In any case, geocoding includes (1) cleaning address text, (2) tagging the address, (3) harmonizing the address tags, (4) matching the ZIP code and street combinations. Any differences between the methods arise when placing a coordinate after matching the ZIP code and street

geocode() converts addr() vectors to point locations using Census TIGER address ranges. It matches the input street to installed TIGER address features, chooses the best address range and street side from the address number, interpolates a point along the range, and offsets that point from the street line. Geocoding returns the input address, matched ZIP code, matched street, point s2 geography, and s2 cell. Inputs with missing or unmatched ZIP codes, streets, or address ranges return missing geographies rather than centroids of larger areas.
TIGER Address Features
TIGER address features are Census street-segment address ranges. addr stores them as a hive-partitioned, multi-file parquet dataset, grouped by ZIP-code partitions and county files, so geocoding can read only the local files needed for the input ZIP codes.

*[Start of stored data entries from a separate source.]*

(* Suppose a social choice function $f$ is rationalizably implemented by a mechanism $\mathcal{M}$. Then for all $\theta,\theta'\in\Theta$: if $S_i^{\mathcal{M},\theta}\subseteq S_i^{\mathcal{M},\theta'}$ for every $i\in\mathcal{I}$, then $S_i^{\mathcal{M},\theta}=S_i^{\mathcal{M},\theta'}$ for every $i\in\mathcal{I}$.
   Context: Setting: $\mathcal{I}$ is a finite set of agents with $|\mathcal{I}|\ge3$; $\Theta$ is a finite set of states; $Z$ is a countable set of pure outcomes; $Y=\Delta(Z)$ is the set of lotteries on $Z$, each $z\in Z$ identified with the degenerate lottery. Each agent $i$ has at each state $\theta$ a utility $u_i(\cdot,\theta):Z\to\mathbb{R}$, extended to $Y$ by expected utility. An SCF is a map $f:\Theta\to Z$ (assumed with $|f(\Theta)|\ge2$). A mechanism is $\mathcal{M}=\langle M=\times_iM_i,\ g:M\to Y\rangle$ with each $M_i$ countable. For state $\theta$ and profile $S=(S_i)_i$, $S_i\subseteq M_i$, $b_i^{\mathcal{M},\theta}(S)$ is the set of $m_i\in M_i$ for which there is a probability distribution $\lambda_{-i}$ on $M_{-i}$ supported in $S_{-i}=\times_{j\ne i}S_j$ with $m_i\in\arg\max_{m_i'\in M_i}\sum_{m_{-i}}\lambda_{-i}(m_{-i})u_i(g(m_i',m_{-i}),\theta)$. $S^{\mathcal{M},\theta}=(S_i^{\mathcal{M},\theta})_i$ is the largest fixed point of the monotone operator $b^{\mathcal{M},\theta}=(b_i^{\mathcal{M},\theta})_i$ with respect to componentwise inclusion, identified with the product $\times_iS_i^{\mathcal{M},\theta}$. $f$ is rationalizably implemented by $\mathcal{M}$ if $g(S^{\mathcal{M},\theta})=\{f(\theta)\}$ for every $\theta\in\Theta$. *)

theory Defs
  imports "HOL-Probability.Probability"
begin

text \<open>Pure outcomes: a countable type 'z;
  lotteries are 'z pmf (a pure outcome z is identified with return_pmf z).\<close>

definition EU :: "('i \<Rightarrow> 'z \<Rightarrow> 's \<Rightarrow> real) \<Rightarrow> 's \<Rightarrow> 'i \<Rightarrow> 'z pmf \<Rightarrow> real" where
  "EU u \<theta> i y = measure_pmf.expectation y (\<lambda>z. u i z \<theta>)"

text \<open>Expected utility of agent i sending x against the belief lam over the other agents'
  messages (lam is a distribution on profiles; its i-th component is ignored).\<close>
definition exp_payoff ::
  "(('i \<Rightarrow> 'm) \<Rightarrow> 'z pmf) \<Rightarrow> ('i \<Rightarrow> 'z \<Rightarrow> 's \<Rightarrow> real) \<Rightarrow> 's \<Rightarrow> 'i
     \<Rightarrow> ('i \<Rightarrow> 'm) pmf \<Rightarrow> 'm \<Rightarrow> real" where
  "exp_payoff g u \<theta> i lam x = measure_pmf.expectation lam (\<lambda>m. EU u \<theta> i (g (m(i := x))))"

definition best_resp ::
  "('i \<Rightarrow> 'm set) \<Rightarrow> (('i \<Rightarrow> 'm) \<Rightarrow> 'z pmf) \<Rightarrow> ('i \<Rightarrow> 'z \<Rightarrow> 's \<Rightarrow> real) \<Rightarrow> 's
     \<Rightarrow> ('i \<Rightarrow> 'm set) \<Rightarrow> 'i \<Rightarrow> 'm set" where
  "best_resp M g u \<theta> S i =
     {x \<in> M i. \<exists>lam :: ('i \<Rightarrow> 'm) pmf.
        set_pmf lam \<subseteq> {m. \<forall>j. j \<noteq> i \<longrightarrow> m j \<in> S j} \<and>
        (\<forall>x' \<in> M i. exp_payoff g u \<theta> i lam x' \<le> exp_payoff g u \<theta> i lam x)}"

definition br_op ::
  "('i \<Rightarrow> 'm set) \<Rightarrow> (('i \<Rightarrow> 'm) \<Rightarrow> 'z pmf) \<Rightarrow> ('i \<Rightarrow> 'z \<Rightarrow> 's \<Rightarrow> real) \<Rightarrow> 's
     \<Rightarrow> ('i \<Rightarrow> 'm set) \<Rightarrow> ('i \<Rightarrow> 'm set)" where
  "br_op M g u \<theta> S = (\<lambda>i. best_resp M g u \<theta> S i)"

definition rat_set ::
  "('i \<Rightarrow> 'm set) \<Rightarrow> (('i \<Rightarrow> 'm) \<Rightarrow> 'z pmf) \<Rightarrow> ('i \<Rightarrow> 'z \<Rightarrow> 's \<Rightarrow> real) \<Rightarrow> 's
     \<Rightarrow> ('i \<Rightarrow> 'm set)" where
  "rat_set M g u \<theta> = gfp (br_op M g u \<theta>)"

definition rat_implements ::
  "('i \<Rightarrow> 'm set) \<Rightarrow> (('i \<Rightarrow> 'm) \<Rightarrow> 'z pmf) \<Rightarrow> ('i \<Rightarrow> 'z \<Rightarrow> 's \<Rightarrow> real) \<Rightarrow> ('s \<Rightarrow> 'z) \<Rightarrow> bool" where
  "rat_implements M g u f \<longleftrightarrow>
     (\<forall>\<theta>. g ` {m. \<forall>i. m i \<in> rat_set M g u \<theta> i} = {return_pmf (f \<theta>)})"

end

theory Submission
  imports Defs
begin

text \<open>If \<open>\<theta>\<close>'s rationalizable profiles are all \<open>\<theta>'\<close>-rationalizable, implementation forces
  the two states to have the same outcome, so \<open>g\<close> is constant on the larger product
  \<open>S\<^sup>\<theta>'\<close>. Against beliefs concentrated there every message of \<open>S\<^sup>\<theta>'\<close> earns the same
  expected payoff, so each of them is a best reply at \<open>\<theta>\<close> to the very belief that
  justifies some message of \<open>S\<^sup>\<theta>\<close>. Hence \<open>S\<^sup>\<theta>'\<close> is self-justifying at \<open>\<theta>\<close>, and
  maximality of the greatest fixed point gives \<open>S\<^sup>\<theta>' \<subseteq> S\<^sup>\<theta>\<close>.\<close>

lemma mono_br_op: "mono (br_op M g u \<theta>)"
  unfolding mono_def br_op_def best_resp_def le_fun_def
  by blast

lemma rat_set_le_br_op: "rat_set M g u \<theta> \<le> br_op M g u \<theta> (rat_set M g u \<theta>)"
  unfolding rat_set_def using gfp_unfold[OF mono_br_op] by (metis order_refl)

lemma le_rat_set_coinduct: "S \<le> br_op M g u \<theta> S \<Longrightarrow> S \<le> rat_set M g u \<theta>"
  unfolding rat_set_def by (rule gfp_upperbound)

lemma best_resp_subset_messages: "best_resp M g u \<theta> S i \<subseteq> M i"
  unfolding best_resp_def by blast

lemma rat_set_subset_messages: "rat_set M g u \<theta> i \<subseteq> M i"
proof -
  have "rat_set M g u \<theta> i \<subseteq> br_op M g u \<theta> (rat_set M g u \<theta>) i"
    by (rule le_funD[OF rat_set_le_br_op])
  also have "\<dots> \<subseteq> M i"
    unfolding br_op_def by (rule best_resp_subset_messages)
  finally show ?thesis .
qed

lemma exp_payoff_cong:
  assumes "\<And>m. m \<in> set_pmf lam \<Longrightarrow> g (m(i := x)) = g (m(i := y))"
  shows "exp_payoff g u \<theta> i lam x = exp_payoff g u \<theta> i lam y"
  unfolding exp_payoff_def
  by (rule integral_cong_AE) (auto intro!: AE_pmfI simp: assms)

lemma best_resp_of_constant_outcome:
  assumes const: "\<And>m. \<forall>j. m j \<in> T j \<Longrightarrow> g m = y"
    and "S \<le> T"
    and a: "a \<in> best_resp M g u \<theta> S i" "a \<in> T i"
    and x: "x \<in> T i" "x \<in> M i"
  shows "x \<in> best_resp M g u \<theta> T i"
proof -
  obtain lam where lam: "set_pmf lam \<subseteq> {m. \<forall>j. j \<noteq> i \<longrightarrow> m j \<in> S j}"
    and best: "\<forall>x' \<in> M i. exp_payoff g u \<theta> i lam x' \<le> exp_payoff g u \<theta> i lam a"
    using a(1) unfolding best_resp_def by blast
  have lam_T: "set_pmf lam \<subseteq> {m. \<forall>j. j \<noteq> i \<longrightarrow> m j \<in> T j}"
    using lam \<open>S \<le> T\<close> unfolding le_fun_def by blast
  have "exp_payoff g u \<theta> i lam x = exp_payoff g u \<theta> i lam a"
  proof (rule exp_payoff_cong)
    fix m assume "m \<in> set_pmf lam"
    with lam_T have others: "\<forall>j. j \<noteq> i \<longrightarrow> m j \<in> T j" by blast
    have "g (m(i := x)) = y" by (rule const) (use others x(1) in auto)
    moreover have "g (m(i := a)) = y" by (rule const) (use others a(2) in auto)
    ultimately show "g (m(i := x)) = g (m(i := a))" by simp
  qed
  then show ?thesis
    unfolding best_resp_def using x(2) lam_T best
    by (intro CollectI conjI exI[of _ lam]) auto
qed

lemma le_br_op_of_constant_outcome:
  assumes const: "\<And>m. \<forall>j. m j \<in> T j \<Longrightarrow> g m = y"
    and "S \<le> T" and "S \<le> br_op M g u \<theta> S"
    and m0: "\<forall>i. m0 i \<in> S i"
    and T_msgs: "\<And>i. T i \<subseteq> M i"
  shows "T \<le> br_op M g u \<theta> T"
proof (rule le_funI, unfold br_op_def, rule subsetI)
  fix i x assume x: "x \<in> T i"
  have a: "m0 i \<in> best_resp M g u \<theta> S i"
    using le_funD[OF \<open>S \<le> br_op M g u \<theta> S\<close>, of i] m0 unfolding br_op_def by blast
  have "m0 i \<in> T i" using le_funD[OF \<open>S \<le> T\<close>, of i] m0 by blast
  moreover have "x \<in> M i" using x T_msgs by blast
  ultimately show "x \<in> best_resp M g u \<theta> T i"
    using best_resp_of_constant_outcome[where T = T and g = g and y = y, OF const \<open>S \<le> T\<close> a] x
    by blast
qed

lemma rat_implements_outcome:
  assumes "rat_implements M g u f" and "\<forall>i. m i \<in> rat_set M g u \<theta> i"
  shows "g m = return_pmf (f \<theta>)"
proof -
  have "g m \<in> g ` {m. \<forall>i. m i \<in> rat_set M g u \<theta> i}" using assms(2) by blast
  then show ?thesis using assms(1) by (simp add: rat_implements_def)
qed

lemma rat_implements_ex_profile:
  assumes "rat_implements M g u f"
  obtains m where "\<forall>i. m i \<in> rat_set M g u \<theta> i"
proof -
  have "g ` {m. \<forall>i. m i \<in> rat_set M g u \<theta> i} \<noteq> {}"
    using assms by (simp add: rat_implements_def)
  then show ?thesis using that by blast
qed

theorem lemma1:
  fixes M :: "'i::finite \<Rightarrow> 'm::countable set"
    and g :: "('i \<Rightarrow> 'm) \<Rightarrow> 'z::countable pmf"
    and u :: "'i \<Rightarrow> 'z \<Rightarrow> 's::finite \<Rightarrow> real"
    and f :: "'s \<Rightarrow> 'z"
  assumes "CARD('i) \<ge> 3"
    and "card (range f) \<ge> 2"
    and impl: "rat_implements M g u f"
    and sub: "\<forall>i. rat_set M g u \<theta> i \<subseteq> rat_set M g u \<theta>' i"
  shows "\<forall>i. rat_set M g u \<theta> i = rat_set M g u \<theta>' i"
proof -
  define S where "S = rat_set M g u \<theta>"
  define T where "T = rat_set M g u \<theta>'"
  have "S \<le> T" using sub unfolding S_def T_def le_fun_def by blast
  obtain m0 where m0: "\<forall>i. m0 i \<in> S i"
    using rat_implements_ex_profile[OF impl] unfolding S_def by blast
  have "\<forall>i. m0 i \<in> T i" using m0 \<open>S \<le> T\<close> unfolding le_fun_def by blast
  then have "g m0 = return_pmf (f \<theta>')"
    unfolding T_def by (rule rat_implements_outcome[OF impl])
  moreover have "g m0 = return_pmf (f \<theta>)"
    using m0 unfolding S_def by (rule rat_implements_outcome[OF impl])
  ultimately have const: "g m = return_pmf (f \<theta>)" if "\<forall>j. m j \<in> T j" for m
    using rat_implements_outcome[OF impl, of m \<theta>'] that unfolding T_def by simp
  have T_msgs: "T i \<subseteq> M i" for i
    unfolding T_def by (rule rat_set_subset_messages)
  have "S \<le> br_op M g u \<theta> S"
    unfolding S_def by (rule rat_set_le_br_op)
  with const \<open>S \<le> T\<close> have "T \<le> br_op M g u \<theta> T"
    using m0 T_msgs by (rule le_br_op_of_constant_outcome)
  then have "T \<le> S" unfolding S_def by (rule le_rat_set_coinduct)
  with \<open>S \<le> T\<close> have "S = T" by (rule order_antisym)
  then show ?thesis unfolding S_def T_def by simp
qed

end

taf_install() installs TIGER address features for one county; however, geocode() installs all county files that may contain the ZIP codes in an input address vector as needed. Read TIGER address features for one or more ZIP codes with taf_zip(). taf_needed_counties() identifies which county files may contain the ZIP codes in an input address vector, including selected ZIP-code variants. taf_ensure() installs any missing county files, and geocode() calls it by default before geocoding. Use taf() to open the installed multi-file dataset with arrow and taf_zip() to read the address ranges for specific ZIP codes.